SDA Launches New Podcast

“Podcast@SDA,” a new podcast series from the USC School of Dramatic Arts, launches this week.

Hosted by SDA Dean David Bridel, the series will take listeners behind the scenes of the School’s 2016-17 season of plays. With two musicals, a three-play acting repertory, and works from Shakespeare, Robert Schenkkan and Anne Washburn, the 20-plus show season is both diverse and challenging, and is one of the most ambitious of any dramatic arts training institution in the nation.

“The new Podcast@SDA offers me the opportunity to speak creatively to the wider community about different aspects of our work,” Bridel said. “This year, the focus will be on the plays and authors involved in our current season. I’m excited by the opportunity to work in this medium and, in future years, offer classes in podcast creation for our students.”

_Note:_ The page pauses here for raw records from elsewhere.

lemma inner_Dg_commute: "u \<bullet> (Dg v *v w) = (Dg v *v u) \<bullet> w"
  by (simp add: Dg_mult_vec inner_vec_def mult_ac)

lemma matrix_inv_Dg:
  assumes "\<And>i. v $ i \<noteq> 0"
  shows "matrix_inv (Dg v) = Dg (\<chi> i. 1 / v $ i)"
  by (rule matrix_inv_eqI) (simp add: Dg_mult_Dg assms Dg_1[symmetric])

lemma Dg_sqrt:
  assumes "\<forall>j. a $ j > 0"
  shows "Dg (\<chi> j. sqrt (a $ j)) ** Dg (\<chi> j. 1 / sqrt (a $ j)) = mat 1"
    and "Dg (\<chi> j. 1 / sqrt (a $ j)) ** Dg (\<chi> j. sqrt (a $ j)) = mat 1"
    and "Dg (\<chi> j. sqrt (a $ j)) ** Dg (\<chi> j. sqrt (a $ j)) = Dg a"
  using assms by (simp_all add: Dg_mult_Dg less_imp_le less_imp_neq[symmetric] flip: Dg_1)

section \<open>Block matrices\<close>

definition inl_part :: "'a^('n::finite + 'k::finite) \<Rightarrow> 'a^'n" where
  "inl_part v = (\<chi> i. v $ Inl i)"

definition inr_part :: "'a^('n::finite + 'k::finite) \<Rightarrow> 'a^'k" where
  "inr_part v = (\<chi> i. v $ Inr i)"

lemma inl_part_nth [simp]: "inl_part v $ i = v $ Inl i"
  by (simp add: inl_part_def)

lemma inr_part_nth [simp]: "inr_part v $ i = v $ Inr i"
  by (simp add: inr_part_def)

lemma inl_part_0 [simp]: "inl_part 0 = 0"
  by (simp add: vec_eq_iff)

lemma inr_part_0 [simp]: "inr_part 0 = 0"
  by (simp add: vec_eq_iff)

lemma inl_part_add [simp]: "inl_part (v + w) = inl_part v + inl_part w"
  by (simp add: vec_eq_iff)

lemma inr_part_add [simp]: "inr_part (v + w) = inr_part v + inr_part w"
  by (simp add: vec_eq_iff)

lemma inl_part_scaleR [simp]: "inl_part (t *\<^sub>R v) = t *\<^sub>R inl_part v"
  by (simp add: vec_eq_iff)

lemma inr_part_scaleR [simp]: "inr_part (t *\<^sub>R v) = t *\<^sub>R inr_part v"
  by (simp add: vec_eq_iff)

lemma block_vec_eq_0_iff: "v = 0 \<longleftrightarrow> inl_part v = 0 \<and> inr_part v = 0"
  by (simp add: vec_eq_iff split_sum_all)

lemma sum_UNIV_Plus:
  fixes f :: "'n::finite + 'k::finite \<Rightarrow> 'a::comm_monoid_add"
  shows "(\<Sum>l\<in>UNIV. f l) = (\<Sum>i\<in>UNIV. f (Inl i)) + (\<Sum>i\<in>UNIV. f (Inr i))"
  using sum.Plus[of "UNIV::'n set" "UNIV::'k set" f]
  by (simp add: comp_def)
lemma monomial_family_vkron:
  assumes a: "monomial_family a A m1" and b: "monomial_family b B m2"
  shows "monomial_family (\<lambda>z. vkron (a z) (b z)) (A * B) (m1 + m2)"
  unfolding monomial_family_def
proof (intro conjI allI impI)
  fix z show "dim_vec (vkron (a z) (b z)) = A * B" using a b by (simp add: monomial_family_def)
next
  fix i assume i: "i < A * B"
  then have "B > 0" by (cases "B = 0") auto
  with i have "i div B < A" "i mod B < B" by (simp_all add: less_mult_imp_div_less)
  then obtain c1 w1 c2 w2 where "w1 \<le> m1" "\<forall>z. a z $ (i div B) = c1 * z ^ w1"
    and "w2 \<le> m2" "\<forall>z. b z $ (i mod B) = c2 * z ^ w2"
    using a b unfolding monomial_family_def by meson
  moreover have "\<forall>z. dim_vec (a z) = A" "\<forall>z. dim_vec (b z) = B"
    using a b by (simp_all add: monomial_family_def)
  ultimately show "\<exists>c w. w \<le> m1 + m2 \<and> (\<forall>z. vkron (a z) (b z) $ i = c * z ^ w)"
    using i by (intro exI[of _ "c1 * c2"] exI[of _ "w1 + w2"])
      (simp add: index_vkron power_add mult_ac)
qed

lemma monomial_family_vtpow:
  assumes "monomial_family a A m"
  shows "monomial_family (\<lambda>z. vtpow (a z) r) (A ^ r) (m * r)"
proof (induction r)
  case 0
  show ?case unfolding monomial_family_def by (auto intro: exI[of _ 1] exI[of _ 0])
next
  case (Suc r)
  show ?case using monomial_family_vkron[OF assms Suc] by simp
qed
lemma Units_rel_monoid: "Units (rel_monoid :: ('x::finite \<Rightarrow> 'x \<Rightarrow> bool) monoid) = {R. perm_rel R}"
proof (intro equalityI subsetI)
  fix R :: "'x \<Rightarrow> 'x \<Rightarrow> bool"
  assume "R \<in> Units rel_monoid"
  then obtain S where "R OO S = (=)"
    unfolding Units_def by auto
  then show "R \<in> {R. perm_rel R}"
    using perm_rel_if_relcompp_eq(1) by blast
next
  fix R :: "'x \<Rightarrow> 'x \<Rightarrow> bool"
  assume "R \<in> {R. perm_rel R}"
  then show "R \<in> Units rel_monoid"
    using relcompp_conversep_perm_rel[of R] unfolding Units_def by auto
qed

lemma dedekind_finite_rel_monoid:
  "dedekind_finite_monoid (rel_monoid :: ('x::finite \<Rightarrow> 'x \<Rightarrow> bool) monoid)"
proof (intro dedekind_finite_monoid.intro dedekind_finite_monoid_axioms.intro monoid_rel_monoid)
  fix R S :: "'x \<Rightarrow> 'x \<Rightarrow> bool"
  assume "R \<otimes>\<^bsub>rel_monoid\<^esub> S = \<one>\<^bsub>rel_monoid\<^esub>"
  then have "R OO S = (=)" by simp
  then have "perm_rel R" "S = R\<inverse>\<inverse>"
    by (rule perm_rel_if_relcompp_eq)+
  then show "S \<otimes>\<^bsub>rel_monoid\<^esub> R = \<one>\<^bsub>rel_monoid\<^esub>"
    using relcompp_conversep_perm_rel(2) by simp
qed

lemma cyclic_on_induct:
  assumes cyclic: "cyclic_on p A" and x: "x \<in> A" "Q x"
    and step: "\<And>y. y \<in> A \<Longrightarrow> Q y \<Longrightarrow> Q (p y)" and y: "y \<in> A"
  shows "Q y"
proof -
  have A: "A = orbit p x"
    using cyclic x(1) unfolding cyclic_on_alldef by blast
  have "y \<in> orbit p x" using y A by blast
  then show ?thesis
  proof induction
    case base
    then show ?case using step x by blast
  next
    case (step z)
    then show ?case using A \<open>\<And>y. y \<in> A \<Longrightarrow> Q y \<Longrightarrow> Q (p y)\<close> by blast
  qed
qed

definition refl_graph :: "('x \<Rightarrow> 'x) \<Rightarrow> 'x \<Rightarrow> 'x \<Rightarrow> bool" where
  "refl_graph p = (\<lambda>x y. y = x \<or> y = p x)"

lemma refl_graph_not_perm_rel:
  assumes "p x \<noteq> x"
  shows "\<not> perm_rel (refl_graph p)"
  using assms unfolding perm_rel_def refl_graph_def by (metis (full_types))

lemma relcompp_refl_graph_matching:
  fixes p :: "'x::finite \<Rightarrow> 'x"
    and S T :: "'x \<Rightarrow> 'x \<Rightarrow> bool"
  assumes no_2_cycle: "\<And>x. p (p x) = x \<Longrightarrow> p x = x" and ST: "S OO T = refl_graph p"
  obtains f where "bij f" "\<And>x. S x (f x)" "\<And>x. T (f x) x"
    "\<And>x w. S x (f w) \<Longrightarrow> w = x \<or> w = p x" "\<And>w z. T (f w) z \<Longrightarrow> z = w \<or> z = p w"
proof -
  have ST_iff: "(\<exists>y. S x y \<and> T y z) \<longleftrightarrow> z = x \<or> z = p x" for x z
    using fun_cong[OF fun_cong[OF ST, of x], of z] by (auto simp: refl_graph_def)
  define f where "f x = (SOME y. S x y \<and> T y x)" for x
  have f: "S x (f x) \<and> T (f x) x" for x
    unfolding f_def by (rule someI_ex) (use ST_iff in blast)
  have "inj f"
  proof (rule injI)
    fix x x'
    assume "f x = f x'"
    then have "x' = x \<or> x' = p x" "x = x' \<or> x = p x'"
      using f ST_iff by metis+
    then show "x = x'" using no_2_cycle by metis
  qed
  then have bij: "bij f"
    by (simp add: bij_def finite_UNIV_inj_surj)
  have S_f: "w = x \<or> w = p x" if "S x (f w)" for x w
    using that f ST_iff by blast
  have T_f: "z = w \<or> z = p w" if "T (f w) z" for w z
    using that f ST_iff by blast
  show thesis
    by (rule that[OF bij _ _ S_f T_f]) (use f in blast)+
qed

lemma refl_graph_factor_step:
  fixes p f :: "'x \<Rightarrow> 'x" and S T :: "'x \<Rightarrow> 'x \<Rightarrow> bool"
  assumes inj: "inj p" and no_2_cycle: "\<And>x. p (p x) = x \<Longrightarrow> p x = x"
    and ST: "S OO T = refl_graph p" and surj: "surj f"
    and S_f: "\<And>x w. S x (f w) \<Longrightarrow> w = x \<or> w = p x"
    and x: "p x \<noteq> x" "S x (f (p x))"
  shows "\<not> T (f (p x)) (p (p x))" and "S (p x) (f (p (p x)))"
proof -
  have ST_iff: "(\<exists>y. S x y \<and> T y z) \<longleftrightarrow> z = x \<or> z = p x" for x z
    using fun_cong[OF fun_cong[OF ST, of x], of z] by (auto simp: refl_graph_def)
  have "p (p x) \<noteq> x" "p (p x) \<noteq> p x"
    using no_2_cycle x(1) inj by (auto dest: injD)
  then show not_T: "\<not> T (f (p x)) (p (p x))"
    using ST_iff[of x "p (p x)"] x(2) by blast
  obtain y where y: "S (p x) y" "T y (p (p x))"
    using ST_iff[of "p x" "p (p x)"] by blast
  obtain w where w: "y = f w"
    using surjD[OF surj] by blast
  have "w = p x \<or> w = p (p x)" using S_f y(1) w by blast
  moreover have "w \<noteq> p x" using not_T y(2) w by blast
  ultimately show "S (p x) (f (p (p x)))" using y(1) w by blast
qed

text \<open>Let S OO T = refl_graph p with neither factor a permutation, and match x with f x
  such that S x (f x) and T (f x) x. Some point of the cycle is S-related to the partner of
  its successor; this propagates around the cycle, and then forbids every T-step to a
  successor, which would make T a permutation.\<close>
lemma refl_graph_irreducible:
  fixes p :: "'x::finite \<Rightarrow> 'x"
  assumes inj: "inj p" and no_2_cycle: "\<And>x. p (p x) = x \<Longrightarrow> p x = x"
    and cyclic: "cyclic_on p {x. p x \<noteq> x}"
  shows "irreducible_elem rel_monoid (refl_graph p)"
proof -
  let ?M = "{x. p x \<noteq> x}"
  obtain x where "p x \<noteq> x" using cyclic unfolding cyclic_on_alldef by blast
  then have not_unit: "refl_graph p \<notin> Units rel_monoid"
    by (simp add: Units_rel_monoid refl_graph_not_perm_rel)
  have "perm_rel S \<or> perm_rel T" if ST: "S OO T = refl_graph p" for S T :: "'x \<Rightarrow> 'x \<Rightarrow> bool"
  proof (rule ccontr)
    assume not_perm: "\<not> (perm_rel S \<or> perm_rel T)"
    obtain f where bij: "bij f" and f: "\<And>x. S x (f x)" "\<And>x. T (f x) x"
      and S_f: "\<And>x w. S x (f w) \<Longrightarrow> w = x \<or> w = p x"
      and T_f: "\<And>w z. T (f w) z \<Longrightarrow> z = w \<or> z = p w"
      using relcompp_refl_graph_matching[OF no_2_cycle ST] by blast
    note step = refl_graph_factor_step[OF inj no_2_cycle ST bij_is_surj[OF bij] S_f]
    obtain x0 where x0: "x0 \<in> ?M" "S x0 (f (p x0))"
    proof -
      have "S \<noteq> (\<lambda>x y. y = f x)"
        using not_perm bij unfolding perm_rel_def by blast
      then obtain x y where xy: "S x y" "y \<noteq> f x"
        using f(1) by (auto simp: fun_eq_iff)
      obtain w where w: "y = f w"
        using surjD[OF bij_is_surj[OF bij]] by blast
      then have "w = p x" "w \<noteq> x" using S_f xy by blast+
      then show thesis using that xy w by simp
    qed
    have S_shift: "S x (f (p x))" if "x \<in> ?M" for x
      using cyclic_on_induct[where Q = "\<lambda>x. S x (f (p x))", OF cyclic x0] step(2) that by blast
    have "T \<noteq> (\<lambda>x y. y = f x)\<inverse>\<inverse>"
      using not_perm bij perm_rel_conversep unfolding perm_rel_def by blast
    then obtain w z where wz: "T (f w) z" "z \<noteq> w"
      using f(2) surjD[OF bij_is_surj[OF bij]] by (auto simp: fun_eq_iff) metis
    then have "z = p w" "w \<in> ?M" using T_f by auto
    obtain x where "w = p x"
      using surjD[OF finite_UNIV_inj_surj[OF finite_UNIV inj]] by blast
    with \<open>w \<in> ?M\<close> have "p x \<noteq> x" by auto
    then show False
      using step(1) S_shift wz(1) \<open>z = p w\<close> \<open>w = p x\<close> by blast
  qed
  then show ?thesis
    using not_unit by (auto simp: irreducible_elem_def Units_rel_monoid)
qed

lemma card_support_le_if_unit_orbit:
  fixes p q :: "'x::finite \<Rightarrow> 'x"
  assumes "refl_graph q \<in> unit_orbit rel_monoid (refl_graph p)"
  shows "card {x. q x \<noteq> x} \<le> card {x. p x \<noteq> x}"
proof -
  obtain u v where "u \<in> Units rel_monoid" "v \<in> Units rel_monoid"
    and q: "refl_graph q = u OO refl_graph p OO v"
    using assms unfolding unit_orbit_def by (auto simp: relcompp_assoc)
  then obtain g h where "bij g" "u = (\<lambda>x y. y = g x)" "v = (\<lambda>x y. y = h x)"
    unfolding Units_rel_monoid perm_rel_def by blast
  with q have q: "refl_graph q = (\<lambda>x y. y = g x) OO refl_graph p OO (\<lambda>x y. y = h x)"
    by simp
  have q_iff: "z = x \<or> z = q x \<longleftrightarrow> z = h (g x) \<or> z = h (p (g x))" for x z
    using fun_cong[OF fun_cong[OF q, of x], of z] by (auto simp: refl_graph_def)
  have "p (g x) \<noteq> g x" if "q x \<noteq> x" for x
  proof
    assume "p (g x) = g x"
    then have "x = h (g x)" "q x = h (g x)"
      using q_iff[of x x] q_iff[of "q x" x] by simp_all
    then show False using that by simp
  qed
  then have "g ` {x. q x \<noteq> x} \<subseteq> {x. p x \<noteq> x}"
    by blast
  moreover have "inj_on g {x. q x \<noteq> x}"
    using bij_is_inj[OF \<open>bij g\<close>] by (rule inj_on_subset) simp
  ultimately show ?thesis
    by (intro card_inj_on_le) simp_all
qed
lemma lower_Riemann_sum_le_sum:
  fixes q :: "nat \<Rightarrow> real"
  assumes "mono q" and "S * M \<le> n"
  shows "(\<Sum>s=1..S. real M * q (n - s * M)) \<le> (\<Sum>i\<in>{n - S * M..<n}. q i)"
  using assms(2)
proof (induction S)
  case (Suc S)
  have "real M * q (n - Suc S * M) = (\<Sum>i\<in>{n - Suc S * M..<n - S * M}. q (n - Suc S * M))"
    using Suc.prems by simp
  also have "\<dots> \<le> (\<Sum>i\<in>{n - Suc S * M..<n - S * M}. q i)"
    by (intro sum_mono monoD[OF assms(1)]) auto
  finally have "(\<Sum>s=1..Suc S. real M * q (n - s * M))
      \<le> (\<Sum>i\<in>{n - Suc S * M..<n - S * M}. q i) + (\<Sum>i\<in>{n - S * M..<n}. q i)"
    using Suc by simp
  also have "\<dots> = (\<Sum>i\<in>{n - Suc S * M..<n}. q i)"
    using Suc.prems by (subst sum.atLeastLessThan_concat) auto
  finally show ?case .
qed simp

In the first episode of the series, Dean Bridel speaks to playwright Julie Jensen, whose play, Mockingbird, performs at the School’s McClintock Theatre from Sept. 29 to Oct. 2.

Jensen is the author of 30 plays and has received numerous awards for her work, including the Kennedy Center Award for New American Plays and the LA Weekly Award for Best New Play. She has received the McKnight National Playwriting Fellowship, the TCG/NEA Playwriting Residency, and a major grant from the Pew Charitable Trusts. Her work is published by Dramatic Publishing, DPS, and Playscripts, and is anthologized in Best Plays by Women and in a dozen other collections. Her book Playwriting: Brief and Brilliant is published by Smith and Kraus. Mockingbird will also be produced this year at Kennedy Center Theatre for Young Audiences in Washington, D.C.

Although Dean Bridel hosts the podcast, dramatic arts students are the driving force behind the production. Podcast@SDA is recorded, edited and mixed by the students and faculty of the School’s BFA Sound Design program. “Working on the podcast gives our designers a chance to implement the production skills they are learning in the classroom,” said Philip G. Allen, director of BFA Sound Design. “They weave into each episode music choices and other audio production elements derived from the design aesthetic being employed on the corresponding productions. They will gain valuable recording studio experience working with authors, performers and scholars as they tell the story behind the stories we tell on stage.”